For the first and possibly last time in my life, I bought a copy of Rooi Rose (for any non South African readers, it’s an Afrikaans women’s magazine and although it’s come a long way since apartheid days, it’s still one of those magazines that one thinks of as safely mainstream i.e. hardly relevant to me, as part of the LGBTQI spectrum).  I bought it for the story about Robert Hamblin, the artist formerly known as Adele Hamblin; photographer extraordinaire.

Robert’s physical transition from female to male has been documented with joyful publicity, all over the place and cyberspace too.  He’s been on TV, radio, been interviewed in De Kat - and so it goes on.  In his own career, he’s never been far from the limelight either, enjoying top jobs and exhibitions at places like JAG.  He’s also been forthright and eloquent online, on both queer and transgender forums.  If you have a look at his own art, you’ll find plenty of examples of his exploration and conclusions too.

Despite the general mutters in various quarters of the old school gay camp (pun intended), biphobia and transphobia is untenably unacceptable in any circle and circumstances, but perhaps especially so within the queer community.  Some gay people want “queer” to simply refer to those of us who are pureblood same-sex types (Harry Potter reference intended), whereas what it is for, is to act as an umbrella term for anyone who doesn’t fall into the hetero “norm” and who, most likely, needs protection from the phobic majority.  Some people think that trans people have no place on “our” spectrum, because after all, trans people are sometimes (gasp!) heterosexual.  Heterophobia, as fun as it might be from time to time, is actually as untenably unacceptable as all the other phobias.

LGBTQI - Lesbian, Gay, Bisexual, Transgender, Queer, Intersex - which is the one of the currently available acronyms I like the most, puts Robert Hamblin right there in my community and I am very proud to have him there.  As a transgendered man, with a history of attempted heterosexuality and many years’ experience on planet Lesbian, definitely counts as Queer to me, in addition to Transgender - just because he’s ... you know ... extraordinary.  As a man married to a woman, there’s no reason why society shouldn’t accept his qualifications as Heterosexual too. 

Dividing society into smaller and smaller ghettoes is not only destructively divisive and elitist, it’s foolish too.  What our fight for human rights is supposed to be about, after all, is being human.  We don’t need to secede and form smaller clubs for same-sex sexualities, we need to expand the acronym yet further and carry on categorising everything until everything is simply an item on a list and not a freakish separatist phenomenon. 
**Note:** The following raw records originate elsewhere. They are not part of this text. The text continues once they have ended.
(* Let $X$ be a Banach space, $f:X\to\mathbb{R}\cup\{+\infty\}$ convex and lower semicontinuous, $\bar x\in[f\le0]$ and $q\in(0,1]$. The following conditions are equivalent: (i) there exist $\tau>0$ and a neighbourhood $U$ of $\bar x$ such that $\tau\, d(x,[f\le0])\le f_+^q(x)$ for all $x\in U$; (ii) $\liminf_{x\to\bar x,\ f(x)>0} f^{q-1}(x)\, d(0,\partial f(x))>0$; (iii) $\liminf_{x\to\bar x,\ f(x)>0} d(x,[f\le0])^{q-1}\, d(0,\partial f(x))^q>0$.
   Context: $[f\le0]=\{x: f(x)\le0\}$, $f_+(x)=\max\{f(x),0\}$; for $f(x)\ge0$, $f^q(x):=[f(x)]^q$, $f_+^q(x)=[f_+(x)]^q$. $d(x,A)=\inf_{a\in A}\|x-a\|$, $d(x,\emptyset)=+\infty$. $\partial f(x)$ is the subdifferential of convex analysis ($\emptyset$ if $f(x)=+\infty$); $d(0,\partial f(x))=\inf\{\|x^*\|:x^*\in\partial f(x)\}$ ($+\infty$ if empty). *)

theory Defs
  imports "HOL-Analysis.Analysis"
begin

text \<open>Extended-valued functions X \<rightarrow> \<real> \<union> {+\<infinity>} are modelled as ereal-valued functions never taking -\<infinity>.\<close>

definition proper_ext :: "('a \<Rightarrow> ereal) \<Rightarrow> bool" where
  "proper_ext f \<longleftrightarrow> (\<forall>x. f x \<noteq> -\<infinity>)"

definition convex_ext :: "('a::real_vector \<Rightarrow> ereal) \<Rightarrow> bool" where
  "convex_ext f \<longleftrightarrow> (\<forall>x y t. 0 \<le> t \<and> t \<le> 1 \<longrightarrow>
      f (t *\<^sub>R x + (1 - t) *\<^sub>R y) \<le> ereal t * f x + ereal (1 - t) * f y)"

definition lsc_ext :: "('a::topological_space \<Rightarrow> ereal) \<Rightarrow> bool" where
  "lsc_ext f \<longleftrightarrow> (\<forall>x. f x \<le> Liminf (at x) f)"

definition sublevel0 :: "('a \<Rightarrow> ereal) \<Rightarrow> 'a set" where
  "sublevel0 f = {x. f x \<le> 0}"

definition subdiff :: "('a::real_normed_vector \<Rightarrow> ereal) \<Rightarrow> 'a \<Rightarrow> ('a \<Rightarrow>\<^sub>L real) set" where
  "subdiff f x = (if f x = \<infinity> then {} else
     {s. \<forall>y. f x + ereal (blinfun_apply s (y - x)) \<le> f y})"

text \<open>d(0, \<partial>f(x)), equal to +\<infinity> if the subdifferential is empty.\<close>
definition dist0_subdiff :: "('a::real_normed_vector \<Rightarrow> ereal) \<Rightarrow> 'a \<Rightarrow> ereal" where
  "dist0_subdiff f x = (INF s\<in>subdiff f x. ereal (norm s))"

definition fplus_pow :: "('a \<Rightarrow> ereal) \<Rightarrow> real \<Rightarrow> 'a \<Rightarrow> ereal" where
  "fplus_pow f q x = (if f x = \<infinity> then \<infinity> else ereal (max (real_of_ereal (f x)) 0 powr q))"

definition epow :: "ereal \<Rightarrow> real \<Rightarrow> ereal" where
  "epow t q = (if t = \<infinity> then \<infinity> else ereal (real_of_ereal t powr q))"

text \<open>Quantity in (ii): f^{q-1}(x) d(0,\<partial>f(x)) for f(x) > 0; at points with f(x)=+\<infinity>
  (where \<partial>f(x) = \<emptyset>) the value is +\<infinity>.\<close>
definition slope_ii :: "('a::real_normed_vector \<Rightarrow> ereal) \<Rightarrow> real \<Rightarrow> 'a \<Rightarrow> ereal" where
  "slope_ii f q x = (if f x = \<infinity> then \<infinity> else
      ereal (real_of_ereal (f x) powr (q - 1)) * dist0_subdiff f x)"

definition slope_iii :: "('a::real_normed_vector \<Rightarrow> ereal) \<Rightarrow> real \<Rightarrow> 'a \<Rightarrow> ereal" where
  "slope_iii f q x = ereal (infdist x (sublevel0 f) powr (q - 1)) * epow (dist0_subdiff f x) q"

end

theory Submission
  imports Defs
begin

text \<open>
If \<open>\<tau> d(x,[f\<le>0]) \<le> f_+^q(x)\<close> near \<open>xbar\<close>, then at a point with \<open>f(x) > 0\<close> the subgradient
inequality tested against points of \<open>[f\<le>0]\<close> gives \<open>f(x) \<le> \<parallel>s\<parallel> d(x,[f\<le>0])\<close> for every
subgradient \<open>s\<close>, so both slope quantities are at least \<open>f^q(x) / d(x,[f\<le>0]) \<ge> \<tau>\<close>.

Conversely, if the error bound fails, pick \<open>x\<close> near \<open>xbar\<close> with \<open>f_+^q(x) < \<eta> d\<close>, where
\<open>d = d(x,[f\<le>0])\<close>, and apply Ekeland's principle to \<open>f_+^q\<close> with constant \<open>k = 2 f^q(x) / d\<close>.
The resulting point \<open>z\<close> lies within \<open>d/2\<close> of \<open>x\<close>, hence still outside \<open>[f\<le>0]\<close>, and
\<open>f_+^q\<close> decreases from \<open>z\<close> at rate at most \<open>k\<close>. Convexity of \<open>f\<close> and concavity of
\<open>t \<mapsto> t^q\<close> turn this into the global minorant \<open>f(z) - L \<parallel>y - z\<parallel>\<close> of \<open>f\<close> with
\<open>L = (k/q) f(z)^(1-q)\<close>, and Hahn-Banach turns the minorant into a subgradient at \<open>z\<close> of
norm at most \<open>L\<close>. Both slope quantities at \<open>z\<close> are then \<open>O(\<eta>)\<close>.
\<close>

section \<open>Hahn--Banach for sublinear functionals\<close>

text \<open>Linear functionals on subspaces dominated by \<open>p\<close>, encoded by their graphs so that
  extension becomes inclusion.\<close>

definition dominated_linear_graph :: "('a::real_vector \<Rightarrow> real) \<Rightarrow> ('a \<times> real) set \<Rightarrow> bool" where
  "dominated_linear_graph p G \<longleftrightarrow> (0, 0) \<in> G \<and>
     (\<forall>x a y b. (x, a) \<in> G \<longrightarrow> (y, b) \<in> G \<longrightarrow> (x + y, a + b) \<in> G) \<and>
     (\<forall>x a c. (x, a) \<in> G \<longrightarrow> (c *\<^sub>R x, c * a) \<in> G) \<and>
     (\<forall>x a b. (x, a) \<in> G \<longrightarrow> (x, b) \<in> G \<longrightarrow> a = b) \<and>
     (\<forall>x a. (x, a) \<in> G \<longrightarrow> a \<le> p x)"

lemma dominated_linear_graph_Union:
  assumes "C \<noteq> {}" and graphs: "\<And>G. G \<in> C \<Longrightarrow> dominated_linear_graph p G"
    and chain: "\<And>G H. G \<in> C \<Longrightarrow> H \<in> C \<Longrightarrow> G \<subseteq> H \<or> H \<subseteq> G"
  shows "dominated_linear_graph p (\<Union>C)"
proof -
  have common: "\<exists>G\<in>C. u \<in> G \<and> v \<in> G" if "u \<in> \<Union>C" "v \<in> \<Union>C" for u v
    using that chain by blast
  show ?thesis
    unfolding dominated_linear_graph_def
  proof (intro conjI allI impI)
    show "(0, 0) \<in> \<Union>C"
      using \<open>C \<noteq> {}\<close> graphs unfolding dominated_linear_graph_def by blast
  next
    fix x a y b assume "(x, a) \<in> \<Union>C" "(y, b) \<in> \<Union>C"
    with common obtain G where "G \<in> C" "(x, a) \<in> G" "(y, b) \<in> G" by blast
    with graphs show "(x + y, a + b) \<in> \<Union>C" unfolding dominated_linear_graph_def by blast
  next
    fix x a c assume "(x, a) \<in> \<Union>C"
    with graphs show "(c *\<^sub>R x, c * a) \<in> \<Union>C" unfolding dominated_linear_graph_def by blast
  next
    fix x a b assume "(x, a) \<in> \<Union>C" "(x, b) \<in> \<Union>C"
    with common obtain G where "G \<in> C" "(x, a) \<in> G" "(x, b) \<in> G" by blast
    with graphs show "a = b" unfolding dominated_linear_graph_def by blast
  next
    fix x a assume "(x, a) \<in> \<Union>C"
    with graphs show "a \<le> p x" unfolding dominated_linear_graph_def by blast
  qed
qed

lemma exists_maximal_dominated_linear_graph:
  assumes "0 \<le> p 0"
  shows "\<exists>M. dominated_linear_graph p M \<and> (\<forall>G. dominated_linear_graph p G \<longrightarrow> M \<subseteq> G \<longrightarrow> G = M)"
proof -
  let ?A = "{G. dominated_linear_graph p G}"
  have "\<exists>M\<in>?A. \<forall>G\<in>?A. M \<subseteq> G \<longrightarrow> G = M"
  proof (rule Zorn_Lemma2, intro ballI)
    fix C assume C: "C \<in> chains ?A"
    show "\<exists>U\<in>?A. \<forall>G\<in>C. G \<subseteq> U"
    proof (cases "C = {}")
      case True
      have "dominated_linear_graph p {(0, 0)}"
        using assms unfolding dominated_linear_graph_def by auto
      with True show ?thesis by blast
    next
      case False
      with C have "dominated_linear_graph p (\<Union>C)"
        by (intro dominated_linear_graph_Union) (auto dest: chainsD chainsD2)
      then show ?thesis by blast
    qed
  qed
  then show ?thesis by blast
qed

lemma dominated_linear_graph_adjoin_le:
  assumes hom: "\<And>c x. 0 < c \<Longrightarrow> p (c *\<^sub>R x) = c * p x"
    and G: "dominated_linear_graph p G" and in_G: "(x, a) \<in> G"
    and lower: "\<And>x a. (x, a) \<in> G \<Longrightarrow> a - p (x - x0) \<le> c"
    and upper: "\<And>x a. (x, a) \<in> G \<Longrightarrow> c \<le> p (x + x0) - a"
  shows "a + t * c \<le> p (x + t *\<^sub>R x0)"
proof -
  have scaled: "(r *\<^sub>R x, r * a) \<in> G" for r using G in_G unfolding dominated_linear_graph_def by blast
  consider "t = 0" | "t > 0" | "t < 0" by linarith
  then show ?thesis
  proof cases
    case 1
    then show ?thesis using G in_G unfolding dominated_linear_graph_def by simp
  next
    case 2
    have "c \<le> p ((1 / t) *\<^sub>R x + x0) - (1 / t) * a" using upper[OF scaled] .
    then have "a + t * c \<le> t * p ((1 / t) *\<^sub>R x + x0)" using 2 by (simp add: field_simps)
    also have "\<dots> = p (t *\<^sub>R ((1 / t) *\<^sub>R x + x0))" using hom[OF 2] by simp
    also have "t *\<^sub>R ((1 / t) *\<^sub>R x + x0) = x + t *\<^sub>R x0" using 2 by (simp add: scaleR_add_right)
    finally show ?thesis .
  next
    case 3
    have "(1 / - t) * a - p ((1 / - t) *\<^sub>R x - x0) \<le> c" using lower[OF scaled] .
    then have "a + t * c \<le> (- t) * p ((1 / - t) *\<^sub>R x - x0)" using 3 by (simp add: field_simps)
    also have "\<dots> = p ((- t) *\<^sub>R ((1 / - t) *\<^sub>R x - x0))" using 3 by (intro hom[symmetric]) simp
    also have "(- t) *\<^sub>R ((1 / - t) *\<^sub>R x - x0) = x + t *\<^sub>R x0" using 3 by (simp add: scaleR_diff_right)
    finally show ?thesis .
  qed
qed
LGBTQIH!  I would like to arrogantly, publicly and formally welcome heterosexuals to my postmodern, label-schizoid community.  Instead of assuming that heterosexuals are in some kind of army waiting to kill me, I am going to assume that they are just a different sort of human - yet another example of diversity.

I would also like to thank Mr Hamblin for having the guts to put his transition on show (he cannot be accused of publicity-mongering, he had a highly successful career and profile prior to his Robertification) which, by default, challenges everybody’s perceptions of gender, sexuality and humanity.

As a butch dyke, I have about as much in common with Robert as I ever had with any other good looking man i.e. similar taste in stylish clothes and image consciousness.  I am not a man, there’s a lot I don’t understand, but I do understand very well what it is like to be shunned sometimes, treated like shit at others and also, mainly, what it’s like when most of the world wishes you would just sit down, shut up and fit in.  I have huge respect for him for not doing so.

At the end of the proverbial day, all Robert Hamblin is, is a human being, trying to be the best he can be.  It’s what all of us aspire to.  It is also heroic in many ways, to be brave enough to defy convention and stand up to be counted.  It gives terrified teenagers someone to respect and understand, it gives all of us the example, the possibility that not only heterosexuals and queer people pretending to be heterosexual are able to succeed within current society.  He has yet another wonderful thing we all want - happiness.  I’m not suggesting we nominate him for sainthood, what I am saying is that we should be very proud of him.  We also owe him a debt of gratitude for joining South Africa’s miniscule core of out LGBTQI(+H) public figures.  The more community members we have in the public domain, the better our chances of acceptance and the stronger our hopes for a day when revealing one’s gender or sexuality holds no more terrors than telling people your favourite colour.

On behalf of the newly inaugurated LGBTQIH (open for more membership, vowels and consonants today) all I really want to say to Robert is, thank you!